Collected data
• • • • •

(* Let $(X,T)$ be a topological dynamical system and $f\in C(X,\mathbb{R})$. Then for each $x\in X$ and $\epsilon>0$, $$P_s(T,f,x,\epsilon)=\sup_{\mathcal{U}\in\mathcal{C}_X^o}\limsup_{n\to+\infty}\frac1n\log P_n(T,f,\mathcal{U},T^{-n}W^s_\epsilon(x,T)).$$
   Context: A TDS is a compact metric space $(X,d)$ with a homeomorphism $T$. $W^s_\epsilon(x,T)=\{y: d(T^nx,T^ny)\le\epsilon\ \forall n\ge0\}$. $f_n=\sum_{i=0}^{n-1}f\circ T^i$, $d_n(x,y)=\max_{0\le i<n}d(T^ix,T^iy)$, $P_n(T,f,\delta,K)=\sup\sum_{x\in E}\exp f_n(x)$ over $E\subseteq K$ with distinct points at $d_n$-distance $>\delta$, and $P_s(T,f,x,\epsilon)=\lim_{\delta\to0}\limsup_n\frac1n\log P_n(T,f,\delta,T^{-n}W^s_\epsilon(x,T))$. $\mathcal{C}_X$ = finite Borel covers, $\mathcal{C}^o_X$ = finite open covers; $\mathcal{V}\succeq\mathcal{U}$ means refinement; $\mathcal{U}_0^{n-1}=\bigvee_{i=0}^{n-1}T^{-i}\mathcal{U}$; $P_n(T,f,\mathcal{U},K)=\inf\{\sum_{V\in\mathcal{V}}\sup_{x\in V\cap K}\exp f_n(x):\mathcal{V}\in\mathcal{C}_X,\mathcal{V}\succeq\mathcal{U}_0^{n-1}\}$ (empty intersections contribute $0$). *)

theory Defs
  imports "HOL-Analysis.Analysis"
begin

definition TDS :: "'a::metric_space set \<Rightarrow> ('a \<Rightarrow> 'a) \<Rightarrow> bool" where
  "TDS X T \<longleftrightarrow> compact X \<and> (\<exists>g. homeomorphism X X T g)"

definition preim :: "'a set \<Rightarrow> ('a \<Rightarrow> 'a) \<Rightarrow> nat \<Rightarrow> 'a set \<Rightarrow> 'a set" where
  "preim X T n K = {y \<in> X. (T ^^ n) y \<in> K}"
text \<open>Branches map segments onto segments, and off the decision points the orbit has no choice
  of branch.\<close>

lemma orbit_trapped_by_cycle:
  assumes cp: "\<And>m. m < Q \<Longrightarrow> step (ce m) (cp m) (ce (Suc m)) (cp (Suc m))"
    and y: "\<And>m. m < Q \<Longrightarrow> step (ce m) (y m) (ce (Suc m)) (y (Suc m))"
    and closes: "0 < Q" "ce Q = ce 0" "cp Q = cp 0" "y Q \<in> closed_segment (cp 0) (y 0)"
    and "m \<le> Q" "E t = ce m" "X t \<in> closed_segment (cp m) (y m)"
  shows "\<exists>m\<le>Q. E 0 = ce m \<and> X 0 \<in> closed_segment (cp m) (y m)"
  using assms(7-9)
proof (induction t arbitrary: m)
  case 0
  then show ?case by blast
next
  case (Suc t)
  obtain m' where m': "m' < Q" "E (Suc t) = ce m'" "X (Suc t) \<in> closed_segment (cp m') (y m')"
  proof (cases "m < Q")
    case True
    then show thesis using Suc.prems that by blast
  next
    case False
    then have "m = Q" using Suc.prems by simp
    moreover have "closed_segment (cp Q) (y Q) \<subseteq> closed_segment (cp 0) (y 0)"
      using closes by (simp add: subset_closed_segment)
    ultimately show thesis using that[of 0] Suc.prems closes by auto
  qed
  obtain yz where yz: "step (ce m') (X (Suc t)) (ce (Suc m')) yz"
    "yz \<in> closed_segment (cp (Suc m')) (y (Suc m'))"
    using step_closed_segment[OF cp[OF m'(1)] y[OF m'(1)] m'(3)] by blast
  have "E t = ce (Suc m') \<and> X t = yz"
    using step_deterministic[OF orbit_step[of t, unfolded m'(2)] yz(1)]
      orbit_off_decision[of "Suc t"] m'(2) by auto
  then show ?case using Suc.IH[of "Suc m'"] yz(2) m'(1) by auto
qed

• • • • •

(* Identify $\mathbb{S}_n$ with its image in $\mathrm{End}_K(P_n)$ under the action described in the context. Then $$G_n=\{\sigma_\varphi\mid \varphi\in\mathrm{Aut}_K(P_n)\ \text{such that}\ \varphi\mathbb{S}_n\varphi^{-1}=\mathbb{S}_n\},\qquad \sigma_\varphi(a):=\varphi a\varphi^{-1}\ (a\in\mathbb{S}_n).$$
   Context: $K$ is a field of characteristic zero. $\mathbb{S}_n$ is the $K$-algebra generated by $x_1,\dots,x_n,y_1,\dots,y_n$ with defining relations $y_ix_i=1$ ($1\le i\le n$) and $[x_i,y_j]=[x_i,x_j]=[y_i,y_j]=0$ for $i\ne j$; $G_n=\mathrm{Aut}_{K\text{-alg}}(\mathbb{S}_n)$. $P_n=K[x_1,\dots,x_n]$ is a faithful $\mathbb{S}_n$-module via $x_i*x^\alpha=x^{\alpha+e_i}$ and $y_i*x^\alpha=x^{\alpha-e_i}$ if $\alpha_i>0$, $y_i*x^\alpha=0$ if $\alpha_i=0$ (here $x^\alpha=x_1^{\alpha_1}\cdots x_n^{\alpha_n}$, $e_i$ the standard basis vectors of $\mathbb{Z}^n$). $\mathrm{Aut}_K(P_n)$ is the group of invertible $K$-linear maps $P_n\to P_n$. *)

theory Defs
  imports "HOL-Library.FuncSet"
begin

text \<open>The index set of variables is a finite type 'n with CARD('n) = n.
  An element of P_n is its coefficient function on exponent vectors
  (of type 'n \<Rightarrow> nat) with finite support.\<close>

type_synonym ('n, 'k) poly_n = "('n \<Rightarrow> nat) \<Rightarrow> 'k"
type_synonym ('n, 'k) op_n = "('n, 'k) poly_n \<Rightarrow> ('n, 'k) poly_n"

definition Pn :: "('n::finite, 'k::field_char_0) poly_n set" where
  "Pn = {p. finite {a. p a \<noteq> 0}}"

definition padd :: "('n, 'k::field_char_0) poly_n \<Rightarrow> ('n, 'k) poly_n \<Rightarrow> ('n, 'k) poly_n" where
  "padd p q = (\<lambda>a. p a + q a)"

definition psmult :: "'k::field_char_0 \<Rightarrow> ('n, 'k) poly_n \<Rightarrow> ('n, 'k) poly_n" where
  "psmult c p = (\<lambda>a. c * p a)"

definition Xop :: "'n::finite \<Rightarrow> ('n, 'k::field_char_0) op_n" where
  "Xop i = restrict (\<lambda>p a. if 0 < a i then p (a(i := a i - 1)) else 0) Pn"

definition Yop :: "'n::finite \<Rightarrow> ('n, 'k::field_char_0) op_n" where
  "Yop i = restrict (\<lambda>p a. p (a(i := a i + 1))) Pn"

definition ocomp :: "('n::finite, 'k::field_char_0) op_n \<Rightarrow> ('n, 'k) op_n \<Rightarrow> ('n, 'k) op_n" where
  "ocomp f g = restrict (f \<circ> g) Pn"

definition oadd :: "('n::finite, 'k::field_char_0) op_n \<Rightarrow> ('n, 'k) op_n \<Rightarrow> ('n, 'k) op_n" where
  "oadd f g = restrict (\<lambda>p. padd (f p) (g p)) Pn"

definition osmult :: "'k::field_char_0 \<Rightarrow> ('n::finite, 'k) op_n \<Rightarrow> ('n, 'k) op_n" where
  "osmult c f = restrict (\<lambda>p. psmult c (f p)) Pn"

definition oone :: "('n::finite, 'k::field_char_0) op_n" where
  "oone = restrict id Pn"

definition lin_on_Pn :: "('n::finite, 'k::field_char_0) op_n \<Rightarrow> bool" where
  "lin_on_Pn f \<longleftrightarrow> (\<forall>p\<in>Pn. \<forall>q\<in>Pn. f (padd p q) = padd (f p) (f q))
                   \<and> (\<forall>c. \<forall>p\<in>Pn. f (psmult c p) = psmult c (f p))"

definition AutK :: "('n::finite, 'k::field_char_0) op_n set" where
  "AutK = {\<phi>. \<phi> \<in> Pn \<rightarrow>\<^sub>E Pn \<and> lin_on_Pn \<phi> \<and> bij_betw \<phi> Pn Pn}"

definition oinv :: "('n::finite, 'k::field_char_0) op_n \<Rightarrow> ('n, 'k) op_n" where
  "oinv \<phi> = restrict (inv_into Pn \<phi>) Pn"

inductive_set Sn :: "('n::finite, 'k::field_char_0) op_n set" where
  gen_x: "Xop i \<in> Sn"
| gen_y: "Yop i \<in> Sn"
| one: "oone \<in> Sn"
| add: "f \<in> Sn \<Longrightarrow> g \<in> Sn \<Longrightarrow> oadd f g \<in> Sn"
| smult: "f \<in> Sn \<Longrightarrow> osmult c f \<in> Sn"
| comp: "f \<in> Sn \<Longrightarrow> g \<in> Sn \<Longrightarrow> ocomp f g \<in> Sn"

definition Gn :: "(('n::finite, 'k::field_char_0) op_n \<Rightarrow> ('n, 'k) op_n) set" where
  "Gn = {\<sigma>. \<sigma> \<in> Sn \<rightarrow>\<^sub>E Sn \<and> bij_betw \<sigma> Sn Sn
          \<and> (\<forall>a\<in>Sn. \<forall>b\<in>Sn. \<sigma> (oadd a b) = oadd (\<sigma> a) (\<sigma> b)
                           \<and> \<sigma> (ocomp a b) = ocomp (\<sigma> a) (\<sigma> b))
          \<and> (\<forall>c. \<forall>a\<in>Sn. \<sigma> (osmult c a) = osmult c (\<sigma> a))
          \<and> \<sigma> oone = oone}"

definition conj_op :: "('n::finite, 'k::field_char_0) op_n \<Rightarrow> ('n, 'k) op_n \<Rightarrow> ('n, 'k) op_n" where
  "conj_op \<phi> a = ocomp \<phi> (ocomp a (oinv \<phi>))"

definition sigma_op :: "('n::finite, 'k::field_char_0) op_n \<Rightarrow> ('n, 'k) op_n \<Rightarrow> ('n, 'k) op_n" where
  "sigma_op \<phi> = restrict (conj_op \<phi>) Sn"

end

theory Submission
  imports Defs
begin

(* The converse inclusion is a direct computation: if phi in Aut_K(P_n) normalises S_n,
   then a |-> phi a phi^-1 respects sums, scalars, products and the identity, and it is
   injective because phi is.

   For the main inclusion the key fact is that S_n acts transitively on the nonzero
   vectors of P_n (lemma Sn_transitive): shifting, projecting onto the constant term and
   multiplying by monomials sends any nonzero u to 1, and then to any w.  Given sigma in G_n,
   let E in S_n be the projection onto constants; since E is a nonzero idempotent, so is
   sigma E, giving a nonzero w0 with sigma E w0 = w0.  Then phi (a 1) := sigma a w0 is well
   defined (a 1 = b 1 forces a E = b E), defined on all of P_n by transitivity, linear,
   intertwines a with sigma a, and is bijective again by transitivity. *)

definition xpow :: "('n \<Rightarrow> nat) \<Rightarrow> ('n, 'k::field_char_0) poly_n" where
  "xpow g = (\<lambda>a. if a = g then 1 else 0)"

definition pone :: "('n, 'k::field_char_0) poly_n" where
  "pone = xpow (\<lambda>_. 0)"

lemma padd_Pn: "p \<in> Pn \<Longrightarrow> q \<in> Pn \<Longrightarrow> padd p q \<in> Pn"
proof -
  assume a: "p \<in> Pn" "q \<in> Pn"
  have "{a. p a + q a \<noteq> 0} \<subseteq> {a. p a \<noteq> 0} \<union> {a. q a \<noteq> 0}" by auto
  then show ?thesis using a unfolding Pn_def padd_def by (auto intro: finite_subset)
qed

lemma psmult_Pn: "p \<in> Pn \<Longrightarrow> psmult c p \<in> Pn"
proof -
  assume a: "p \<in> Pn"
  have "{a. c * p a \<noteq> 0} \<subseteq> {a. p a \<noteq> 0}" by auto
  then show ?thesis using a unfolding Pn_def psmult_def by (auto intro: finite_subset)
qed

• • • • •

Problem requirements: Starting at the line above that contains "(* Let $(X,T)$", repeat each line exactly up to and including the line that contains "(Suc m)) (y", and stop there.

Reply:
(* Let $(X,T)$ be a topological dynamical system and $f\in C(X,\mathbb{R})$. Then for each $x\in X$ and $\epsilon>0$, $$P_s(T,f,x,\epsilon)=\sup_{\mathcal{U}\in\mathcal{C}_X^o}\limsup_{n\to+\infty}\frac1n\log P_n(T,f,\mathcal{U},T^{-n}W^s_\epsilon(x,T)).$$
   Context: A TDS is a compact metric space $(X,d)$ with a homeomorphism $T$. $W^s_\epsilon(x,T)=\{y: d(T^nx,T^ny)\le\epsilon\ \forall n\ge0\}$. $f_n=\sum_{i=0}^{n-1}f\circ T^i$, $d_n(x,y)=\max_{0\le i<n}d(T^ix,T^iy)$, $P_n(T,f,\delta,K)=\sup\sum_{x\in E}\exp f_n(x)$ over $E\subseteq K$ with distinct points at $d_n$-distance $>\delta$, and $P_s(T,f,x,\epsilon)=\lim_{\delta\to0}\limsup_n\frac1n\log P_n(T,f,\delta,T^{-n}W^s_\epsilon(x,T))$. $\mathcal{C}_X$ = finite Borel covers, $\mathcal{C}^o_X$ = finite open covers; $\mathcal{V}\succeq\mathcal{U}$ means refinement; $\mathcal{U}_0^{n-1}=\bigvee_{i=0}^{n-1}T^{-i}\mathcal{U}$; $P_n(T,f,\mathcal{U},K)=\inf\{\sum_{V\in\mathcal{V}}\sup_{x\in V\cap K}\exp f_n(x):\mathcal{V}\in\mathcal{C}_X,\mathcal{V}\succeq\mathcal{U}_0^{n-1}\}$ (empty intersections contribute $0$). *)

theory Defs
  imports "HOL-Analysis.Analysis"
begin

definition TDS :: "'a::metric_space set \<Rightarrow> ('a \<Rightarrow> 'a) \<Rightarrow> bool" where
  "TDS X T \<longleftrightarrow> compact X \<and> (\<exists>g. homeomorphism X X T g)"

definition preim :: "'a set \<Rightarrow> ('a \<Rightarrow> 'a) \<Rightarrow> nat \<Rightarrow> 'a set \<Rightarrow> 'a set" where
  "preim X T n K = {y \<in> X. (T ^^ n) y \<in> K}"
text \<open>Branches map segments onto segments, and off the decision points the orbit has no choice
  of branch.\<close>

lemma orbit_trapped_by_cycle:
  assumes cp: "\<And>m. m < Q \<Longrightarrow> step (ce m) (cp m) (ce (Suc m)) (cp (Suc m))"
    and y: "\<And>m. m < Q \<Longrightarrow> step (ce m) (y m) (ce (Suc m)) (y (Suc m))"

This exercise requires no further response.